### Work task
The word "exists" may appear in the records below. Report how many lines contain it, and write nothing besides the number.

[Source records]
lemma test_kernel_integrable:
  assumes "0 < a" "a < 1" "0 \<le> x" "x < 1"
  shows "test_kernel a x integrable_on {0<..<1}"
proof (rule measurable_bounded_by_integrable_imp_integrable)
  have "(1 - t) * x \<noteq> 1" if "0 < t" "t < 1" for t
    using that assms mult_strict_mono'[of "1 - t" 1 x 1] by simp
  then have "continuous_on {0<..<1} (test_kernel a x)"
    unfolding test_kernel_def using assms by (intro continuous_intros) auto
  then show "test_kernel a x \<in> borel_measurable (lebesgue_on {0<..<1})"
    by (rule continuous_imp_measurable_on_sets_lebesgue) simp
  show "(\<lambda>t. t powr (a - 1) * (1 - t) powr (-a)) integrable_on {0<..<1}"
    using has_integral_beta_reflection[OF assms(1,2)] by blast
  show "norm (test_kernel a x t) \<le> t powr (a - 1) * (1 - t) powr (-a)" if "t \<in> {0<..<1}" for t
    using test_kernel_le[of a x t] test_kernel_nonneg[of a x t] that assms by simp
qed simp

lemma weighted_hilbert_op_test_fn:
  assumes "0 < a" "a < 1" "0 \<le> x" "x < 1"
  shows "(1 - x\<^sup>2) powr a * cmod (hilbert_op (test_fn a) (of_real x)) = integral {0<..<1} (test_kernel a x)"
proof -
  have "of_real ((1 - x\<^sup>2) powr a) * hilbert_op (test_fn a) (of_real x)
      = integral {0<..<1} (\<lambda>t. of_real ((1 - x\<^sup>2) powr a) * T_op t (test_fn a) (of_real x))"
    by (simp add: hilbert_op_def integral_open_interval_real)
  also have "\<dots> = integral {0<..<1} (\<lambda>t. of_real (test_kernel a x t))"
    using assms by (intro integral_cong weighted_T_op_test_fn) auto
  also have "\<dots> = of_real (integral {0<..<1} (test_kernel a x))"
    using has_integral_of_real[OF integrable_integral[OF test_kernel_integrable[OF assms]]]
    by (rule integral_unique)
  finally have "(1 - x\<^sup>2) powr a * cmod (hilbert_op (test_fn a) (of_real x))
      = \<bar>integral {0<..<1} (test_kernel a x)\<bar>"
    by (metis norm_mult norm_of_real abs_of_nonneg powr_ge_zero)
  also have "\<dots> = integral {0<..<1} (test_kernel a x)"
    using test_kernel_integrable[OF assms] by (simp add: integral_nonneg test_kernel_nonneg)
  finally show ?thesis .
qed

lemma integral_test_kernel_tendsto:
  assumes "0 < a" "a < 1" "incseq xs" "\<And>n. 0 \<le> xs n" "\<And>n. xs n < 1" "xs \<longlonglongrightarrow> 1"
  shows "(\<lambda>n. integral {0<..<1} (test_kernel a (xs n))) \<longlonglongrightarrow> pi / sin (a * pi)"
proof -
  let ?g = "\<lambda>t. t powr (a - 1) * (1 - t) powr (-a)"
  have g: "(?g has_integral pi / sin (a * pi)) {0<..<1}"
    using has_integral_beta_reflection[OF assms(1,2)] .
  have "?g integrable_on {0<..<1} \<and> (\<lambda>n. integral {0<..<1} (test_kernel a (xs n))) \<longlonglongrightarrow> integral {0<..<1} ?g"
  proof (rule monotone_convergence_increasing)
    show "test_kernel a (xs n) integrable_on {0<..<1}" for n
      using assms by (intro test_kernel_integrable) auto
    show "test_kernel a (xs n) t \<le> test_kernel a (xs (Suc n)) t" if "t \<in> {0<..<1}" for n t
      using assms that by (intro test_kernel_mono) (auto simp: incseq_Suc_iff)
    show "(\<lambda>n. test_kernel a (xs n) t) \<longlonglongrightarrow> ?g t" if "t \<in> {0<..<1}" for t
    proof -
      have "(\<lambda>n. test_kernel a (xs n) t) \<longlonglongrightarrow> test_kernel a 1 t"
        unfolding test_kernel_def using that by (intro tendsto_intros assms(6)) auto
      then show ?thesis
        by (simp add: test_kernel_def mult.commute)
    qed
    have "\<bar>integral {0<..<1} (test_kernel a (xs n))\<bar> \<le> pi / sin (a * pi)" for n
    proof -
      have "0 \<le> integral {0<..<1} (test_kernel a (xs n))"
        using assms by (intro integral_nonneg test_kernel_integrable test_kernel_nonneg) auto
      moreover have "integral {0<..<1} (test_kernel a (xs n)) \<le> integral {0<..<1} ?g"
        using assms g by (intro integral_le test_kernel_integrable test_kernel_le) auto
      ultimately show ?thesis
        using g by (simp add: integral_unique)
    qed
    then show "bounded (range (\<lambda>n. integral {0<..<1} (test_kernel a (xs n))))"
      unfolding bounded_iff by (intro exI[of _ "pi / sin (a * pi)"]) simp
  qed
  with g show ?thesis
    by (simp add: integral_unique)
qed
(* Let $\mathbf X=\{X_n\}_{n\ge1}$ and $\mathbf Y=\{Y_n\}_{n\ge1}$ be general sources. Suppose that $$\text{for every }\gamma\in\mathbb R:\qquad \lim_{n\to\infty}\mu\big(\{\delta\in[0,1): c_n^x(\delta)-c_n^y(\delta)<\gamma\}\big)=0$$ (equivalently, $\mu\text{-}\liminf_{n\to\infty}\{c_n^x(\delta)-c_n^y(\delta)\}=\infty$). Then $\mathbf X$ is an approximating source for $\mathbf Y$.
   Context: Logarithms are natural. A general source $\mathbf X=\{X_n\}_{n\ge1}$ is a sequence of random variables, $X_n$ taking values in a countable set $\mathcal X_n$, with no consistency requirements between different $n$. Similarly $Y_n$ takes values in a countable set $\mathcal Y_n$. For a random variable $Z$ on a countable set $\mathcal Z$ with pmf $P_Z$, list the elements of positive probability as $z_1,z_2,\dots$ (a finite or countably infinite list) with $P_Z(z_1)\ge P_Z(z_2)\ge\cdots$ (ties broken arbitrarily). Set $\delta_0=0$ and $\delta_k=\sum_{i\le k}P_Z(z_i)$. For $\delta\in[0,1)$ define $c^z(\delta)=\log\frac{1}{P_Z(z_k)}$, where $k$ is the unique index with $\delta\in[\delta_{k-1},\delta_k)$. Here $c_n^x$ and $c_n^y$ denote this function built from $P_{X_n}$ and from $P_{Y_n}$ respectively. The variational distance is $d(P,Q)=\sum_a|P(a)-Q(a)|$. $\mathbf X$ is an approximating source for $\mathbf Y$ if there exist deterministic maps $\phi_n:\mathcal X_n\to\mathcal Y_n$ with $\lim_{n\to\infty}d(P_{Y_n},P_{\phi_n(X_n)})=0$. $\mu$ denotes Lebesgue measure. *)

theory Defs
  imports "HOL-Probability.Probability"
begin

text \<open>A source is modelled as a sequence of pmfs X :: nat => 'a pmf on a countable type.
  Indices are 0-based: z 0, z 1, ... correspond to the paper's z_1, z_2, ...\<close>

definition desc_enum :: "'a pmf \<Rightarrow> (nat \<Rightarrow> 'a) \<Rightarrow> nat set \<Rightarrow> bool" where
  "desc_enum p z I \<longleftrightarrow>
     (\<forall>i j. j \<in> I \<longrightarrow> i \<le> j \<longrightarrow> i \<in> I) \<and>
     bij_betw z I (set_pmf p) \<and>
     (\<forall>i\<in>I. \<forall>j\<in>I. i \<le> j \<longrightarrow> pmf p (z j) \<le> pmf p (z i))"

text \<open>The function c^z(delta) = log (1 / P(z_k)) where delta lies in [delta_{k-1}, delta_k),
  delta_k being the cumulative mass of the first k elements of the enumeration
  (ties broken arbitrarily: any nonincreasing enumeration may be chosen).\<close>

definition cfun :: "'a pmf \<Rightarrow> real \<Rightarrow> real" where
  "cfun p \<delta> = (SOME v. \<exists>z I k. desc_enum p z I \<and> k \<in> I \<and>
      (\<Sum>i<k. pmf p (z i)) \<le> \<delta> \<and> \<delta> < (\<Sum>i<Suc k. pmf p (z i)) \<and>
      v = ln (1 / pmf p (z k)))"

definition vdist :: "'a pmf \<Rightarrow> 'a pmf \<Rightarrow> real" where
  "vdist p q = (\<Sum>\<^sub>\<infinity>a. \<bar>pmf p a - pmf q a\<bar>)"

definition approximating_source :: "(nat \<Rightarrow> 'a pmf) \<Rightarrow> (nat \<Rightarrow> 'b pmf) \<Rightarrow> bool" where
  "approximating_source X Y \<longleftrightarrow>
     (\<exists>\<phi> :: nat \<Rightarrow> 'a \<Rightarrow> 'b. (\<lambda>n. vdist (Y n) (map_pmf (\<phi> n) (X n))) \<longlonglongrightarrow> 0)"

### Finished task
2